> WHAT IS REQUIRED
Restate word for word the lines of the records below, starting at the line that contains "using interval_integral_const(1)[of 0" and ending at the line that contains "0..ereal 1. quantile", with both of those lines included and nothing else.

> TASK INPUTS

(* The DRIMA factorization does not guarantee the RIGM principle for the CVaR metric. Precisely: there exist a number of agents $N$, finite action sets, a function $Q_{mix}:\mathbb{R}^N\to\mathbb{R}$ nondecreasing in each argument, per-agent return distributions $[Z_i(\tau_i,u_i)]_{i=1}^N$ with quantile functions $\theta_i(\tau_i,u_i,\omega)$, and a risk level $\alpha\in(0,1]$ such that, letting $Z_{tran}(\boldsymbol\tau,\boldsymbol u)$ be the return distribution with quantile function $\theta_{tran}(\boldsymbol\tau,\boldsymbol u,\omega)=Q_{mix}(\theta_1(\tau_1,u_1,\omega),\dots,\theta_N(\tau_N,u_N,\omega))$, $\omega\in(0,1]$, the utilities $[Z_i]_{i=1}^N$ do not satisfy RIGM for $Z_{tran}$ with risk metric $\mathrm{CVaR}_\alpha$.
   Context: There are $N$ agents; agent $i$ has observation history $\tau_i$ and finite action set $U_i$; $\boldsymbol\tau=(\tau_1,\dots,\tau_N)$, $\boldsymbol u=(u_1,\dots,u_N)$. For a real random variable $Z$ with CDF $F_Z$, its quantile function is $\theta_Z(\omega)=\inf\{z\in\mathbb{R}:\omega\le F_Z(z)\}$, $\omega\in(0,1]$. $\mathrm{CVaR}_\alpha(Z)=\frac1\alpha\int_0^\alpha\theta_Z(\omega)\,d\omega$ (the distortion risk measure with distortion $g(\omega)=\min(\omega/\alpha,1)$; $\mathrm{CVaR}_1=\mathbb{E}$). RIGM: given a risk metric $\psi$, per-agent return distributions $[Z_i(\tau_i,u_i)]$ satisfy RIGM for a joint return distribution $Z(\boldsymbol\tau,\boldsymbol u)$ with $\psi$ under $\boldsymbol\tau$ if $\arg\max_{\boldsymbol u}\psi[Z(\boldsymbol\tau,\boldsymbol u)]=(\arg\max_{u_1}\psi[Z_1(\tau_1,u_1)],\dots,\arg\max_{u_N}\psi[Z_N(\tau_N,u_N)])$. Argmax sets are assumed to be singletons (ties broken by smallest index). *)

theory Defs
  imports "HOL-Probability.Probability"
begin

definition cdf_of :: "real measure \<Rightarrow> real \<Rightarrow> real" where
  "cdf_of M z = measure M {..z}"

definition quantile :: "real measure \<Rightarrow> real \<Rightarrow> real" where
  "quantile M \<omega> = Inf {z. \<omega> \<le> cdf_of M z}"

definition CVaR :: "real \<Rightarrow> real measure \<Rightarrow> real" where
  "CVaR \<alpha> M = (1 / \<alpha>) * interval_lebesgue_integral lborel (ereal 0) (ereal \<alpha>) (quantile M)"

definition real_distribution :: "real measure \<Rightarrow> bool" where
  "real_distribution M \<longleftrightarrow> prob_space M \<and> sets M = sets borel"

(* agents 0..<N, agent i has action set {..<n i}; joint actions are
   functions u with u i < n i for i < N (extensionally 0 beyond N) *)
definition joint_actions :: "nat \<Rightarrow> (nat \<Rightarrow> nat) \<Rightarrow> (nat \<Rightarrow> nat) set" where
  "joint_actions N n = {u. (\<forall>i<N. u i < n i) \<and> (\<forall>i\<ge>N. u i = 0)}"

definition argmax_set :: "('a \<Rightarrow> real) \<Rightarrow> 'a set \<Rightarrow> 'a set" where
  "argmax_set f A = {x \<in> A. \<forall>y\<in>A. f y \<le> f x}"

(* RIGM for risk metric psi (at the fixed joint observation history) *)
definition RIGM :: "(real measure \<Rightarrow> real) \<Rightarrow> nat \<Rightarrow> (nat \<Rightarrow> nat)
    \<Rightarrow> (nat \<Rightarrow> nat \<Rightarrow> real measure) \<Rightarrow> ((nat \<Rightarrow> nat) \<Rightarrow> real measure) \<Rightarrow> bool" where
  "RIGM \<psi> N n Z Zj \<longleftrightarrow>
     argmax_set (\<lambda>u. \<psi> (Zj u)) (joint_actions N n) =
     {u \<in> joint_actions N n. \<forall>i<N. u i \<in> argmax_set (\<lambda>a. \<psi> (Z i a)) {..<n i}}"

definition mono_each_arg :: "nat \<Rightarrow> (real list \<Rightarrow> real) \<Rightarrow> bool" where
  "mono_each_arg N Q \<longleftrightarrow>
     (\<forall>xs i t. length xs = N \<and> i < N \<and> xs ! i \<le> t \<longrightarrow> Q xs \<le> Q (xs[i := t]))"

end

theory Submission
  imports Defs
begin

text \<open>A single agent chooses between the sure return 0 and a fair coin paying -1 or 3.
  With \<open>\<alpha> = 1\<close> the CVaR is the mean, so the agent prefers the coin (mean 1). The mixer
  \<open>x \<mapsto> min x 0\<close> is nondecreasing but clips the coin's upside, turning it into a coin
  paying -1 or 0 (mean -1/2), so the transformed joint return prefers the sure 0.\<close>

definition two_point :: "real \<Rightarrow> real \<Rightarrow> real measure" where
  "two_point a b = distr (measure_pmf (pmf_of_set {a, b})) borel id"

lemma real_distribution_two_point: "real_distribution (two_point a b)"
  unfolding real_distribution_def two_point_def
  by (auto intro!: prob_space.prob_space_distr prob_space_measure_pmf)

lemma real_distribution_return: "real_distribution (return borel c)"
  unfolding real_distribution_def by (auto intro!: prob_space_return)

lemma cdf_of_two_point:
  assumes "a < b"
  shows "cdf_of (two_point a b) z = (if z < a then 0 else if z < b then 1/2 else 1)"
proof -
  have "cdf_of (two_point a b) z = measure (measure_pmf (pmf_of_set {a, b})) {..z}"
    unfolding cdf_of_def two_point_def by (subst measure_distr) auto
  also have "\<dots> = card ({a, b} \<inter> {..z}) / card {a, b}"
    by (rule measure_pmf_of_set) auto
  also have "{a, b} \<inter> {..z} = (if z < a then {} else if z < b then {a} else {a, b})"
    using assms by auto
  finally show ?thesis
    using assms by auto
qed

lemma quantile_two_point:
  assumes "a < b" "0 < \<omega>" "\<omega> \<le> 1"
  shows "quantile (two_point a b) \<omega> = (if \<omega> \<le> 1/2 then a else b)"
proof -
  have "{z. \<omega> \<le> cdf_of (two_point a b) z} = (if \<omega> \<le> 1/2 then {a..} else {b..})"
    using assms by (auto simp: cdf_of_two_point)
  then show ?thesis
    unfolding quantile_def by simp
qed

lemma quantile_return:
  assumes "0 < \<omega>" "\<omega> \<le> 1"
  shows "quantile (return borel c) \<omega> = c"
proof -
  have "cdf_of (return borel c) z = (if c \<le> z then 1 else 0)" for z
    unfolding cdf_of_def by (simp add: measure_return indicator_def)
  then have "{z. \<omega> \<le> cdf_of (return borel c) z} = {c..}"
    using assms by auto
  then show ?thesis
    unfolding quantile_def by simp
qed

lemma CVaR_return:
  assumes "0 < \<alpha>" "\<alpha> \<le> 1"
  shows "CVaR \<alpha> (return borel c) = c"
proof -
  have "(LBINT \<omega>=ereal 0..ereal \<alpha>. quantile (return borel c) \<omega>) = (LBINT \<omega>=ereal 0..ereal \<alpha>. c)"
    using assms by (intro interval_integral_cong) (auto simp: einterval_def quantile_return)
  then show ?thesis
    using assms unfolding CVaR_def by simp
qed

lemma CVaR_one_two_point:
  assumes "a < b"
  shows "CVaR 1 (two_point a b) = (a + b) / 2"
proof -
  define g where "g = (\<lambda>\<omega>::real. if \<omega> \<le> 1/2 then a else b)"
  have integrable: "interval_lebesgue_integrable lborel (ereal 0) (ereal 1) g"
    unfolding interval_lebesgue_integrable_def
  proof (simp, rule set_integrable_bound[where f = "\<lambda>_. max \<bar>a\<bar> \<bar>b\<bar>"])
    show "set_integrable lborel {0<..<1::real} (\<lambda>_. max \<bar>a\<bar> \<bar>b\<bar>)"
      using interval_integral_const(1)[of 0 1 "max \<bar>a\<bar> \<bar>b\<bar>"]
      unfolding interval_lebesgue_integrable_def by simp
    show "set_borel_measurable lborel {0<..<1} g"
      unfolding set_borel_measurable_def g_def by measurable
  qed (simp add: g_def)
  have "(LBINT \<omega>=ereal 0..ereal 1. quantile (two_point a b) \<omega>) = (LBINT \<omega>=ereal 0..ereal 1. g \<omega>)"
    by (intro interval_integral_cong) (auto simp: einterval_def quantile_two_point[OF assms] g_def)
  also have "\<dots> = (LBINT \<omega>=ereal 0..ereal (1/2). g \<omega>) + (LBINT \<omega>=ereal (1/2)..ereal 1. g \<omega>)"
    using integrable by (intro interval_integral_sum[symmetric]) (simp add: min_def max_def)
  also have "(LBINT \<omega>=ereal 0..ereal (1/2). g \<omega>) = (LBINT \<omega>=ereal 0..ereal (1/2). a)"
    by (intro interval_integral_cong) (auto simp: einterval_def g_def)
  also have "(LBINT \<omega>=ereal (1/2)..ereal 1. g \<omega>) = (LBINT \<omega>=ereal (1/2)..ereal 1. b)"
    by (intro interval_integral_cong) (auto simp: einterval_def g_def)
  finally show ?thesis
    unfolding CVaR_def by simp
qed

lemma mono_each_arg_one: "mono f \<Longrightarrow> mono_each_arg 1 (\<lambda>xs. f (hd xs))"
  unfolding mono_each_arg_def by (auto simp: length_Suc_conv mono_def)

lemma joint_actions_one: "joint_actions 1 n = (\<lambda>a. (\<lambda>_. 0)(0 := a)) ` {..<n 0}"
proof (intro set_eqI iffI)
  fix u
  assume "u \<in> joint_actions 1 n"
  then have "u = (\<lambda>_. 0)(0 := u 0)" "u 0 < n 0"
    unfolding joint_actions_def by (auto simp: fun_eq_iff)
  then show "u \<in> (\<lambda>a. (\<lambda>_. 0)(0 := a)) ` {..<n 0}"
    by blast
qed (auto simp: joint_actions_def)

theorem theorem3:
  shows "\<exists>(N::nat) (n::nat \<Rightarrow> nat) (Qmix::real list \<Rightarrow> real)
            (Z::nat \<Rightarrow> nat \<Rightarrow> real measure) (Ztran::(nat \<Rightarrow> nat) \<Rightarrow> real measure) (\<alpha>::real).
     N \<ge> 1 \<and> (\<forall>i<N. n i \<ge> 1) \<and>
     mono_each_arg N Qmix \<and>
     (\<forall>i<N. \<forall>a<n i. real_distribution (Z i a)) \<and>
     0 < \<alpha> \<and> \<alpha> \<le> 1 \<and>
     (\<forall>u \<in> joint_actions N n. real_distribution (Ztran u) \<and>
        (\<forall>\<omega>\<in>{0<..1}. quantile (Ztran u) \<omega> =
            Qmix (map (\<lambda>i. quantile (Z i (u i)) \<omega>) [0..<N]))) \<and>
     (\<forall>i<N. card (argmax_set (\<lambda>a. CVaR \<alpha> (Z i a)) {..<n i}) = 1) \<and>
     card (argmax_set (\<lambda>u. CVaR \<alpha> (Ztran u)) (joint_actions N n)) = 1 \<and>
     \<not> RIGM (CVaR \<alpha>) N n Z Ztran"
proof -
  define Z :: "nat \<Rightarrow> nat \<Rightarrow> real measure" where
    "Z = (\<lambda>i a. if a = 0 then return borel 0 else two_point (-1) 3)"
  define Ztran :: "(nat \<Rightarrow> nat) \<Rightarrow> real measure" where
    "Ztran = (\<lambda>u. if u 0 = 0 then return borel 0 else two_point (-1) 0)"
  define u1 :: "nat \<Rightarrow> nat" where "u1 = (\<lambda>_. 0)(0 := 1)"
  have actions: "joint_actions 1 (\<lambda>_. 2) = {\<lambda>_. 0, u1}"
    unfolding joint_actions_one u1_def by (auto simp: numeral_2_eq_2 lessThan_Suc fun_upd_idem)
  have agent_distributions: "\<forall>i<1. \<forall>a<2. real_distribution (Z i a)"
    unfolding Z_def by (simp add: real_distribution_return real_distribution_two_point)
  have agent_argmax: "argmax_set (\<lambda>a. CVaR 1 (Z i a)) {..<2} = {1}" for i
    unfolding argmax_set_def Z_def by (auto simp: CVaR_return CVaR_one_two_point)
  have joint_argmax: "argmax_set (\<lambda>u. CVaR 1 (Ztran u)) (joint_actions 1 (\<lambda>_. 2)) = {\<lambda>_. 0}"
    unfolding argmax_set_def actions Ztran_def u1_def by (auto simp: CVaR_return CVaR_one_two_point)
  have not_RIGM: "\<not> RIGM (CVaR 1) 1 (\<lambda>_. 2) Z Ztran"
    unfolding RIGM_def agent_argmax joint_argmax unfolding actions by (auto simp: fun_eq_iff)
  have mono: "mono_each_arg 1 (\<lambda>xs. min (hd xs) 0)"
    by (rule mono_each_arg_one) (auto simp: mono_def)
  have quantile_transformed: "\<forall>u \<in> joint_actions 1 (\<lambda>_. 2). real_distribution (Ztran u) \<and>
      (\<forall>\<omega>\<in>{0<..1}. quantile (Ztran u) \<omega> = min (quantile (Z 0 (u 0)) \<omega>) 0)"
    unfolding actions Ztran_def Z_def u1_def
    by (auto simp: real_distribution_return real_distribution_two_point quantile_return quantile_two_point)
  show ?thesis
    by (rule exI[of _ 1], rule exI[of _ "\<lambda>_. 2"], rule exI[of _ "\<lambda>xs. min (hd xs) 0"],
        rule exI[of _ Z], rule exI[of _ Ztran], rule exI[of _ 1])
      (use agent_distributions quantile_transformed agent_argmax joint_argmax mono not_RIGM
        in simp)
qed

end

> EXERCISE OUTPUT
      using interval_integral_const(1)[of 0 1 "max \<bar>a\<bar> \<bar>b\<bar>"]
      unfolding interval_lebesgue_integrable_def by simp
    show "set_borel_measurable lborel {0<..<1} g"
      unfolding set_borel_measurable_def g_def by measurable
  qed (simp add: g_def)
  have "(LBINT \<omega>=ereal 0..ereal 1. quantile (two_point a b) \<omega>) = (LBINT \<omega>=ereal 0..ereal 1. g \<omega>)"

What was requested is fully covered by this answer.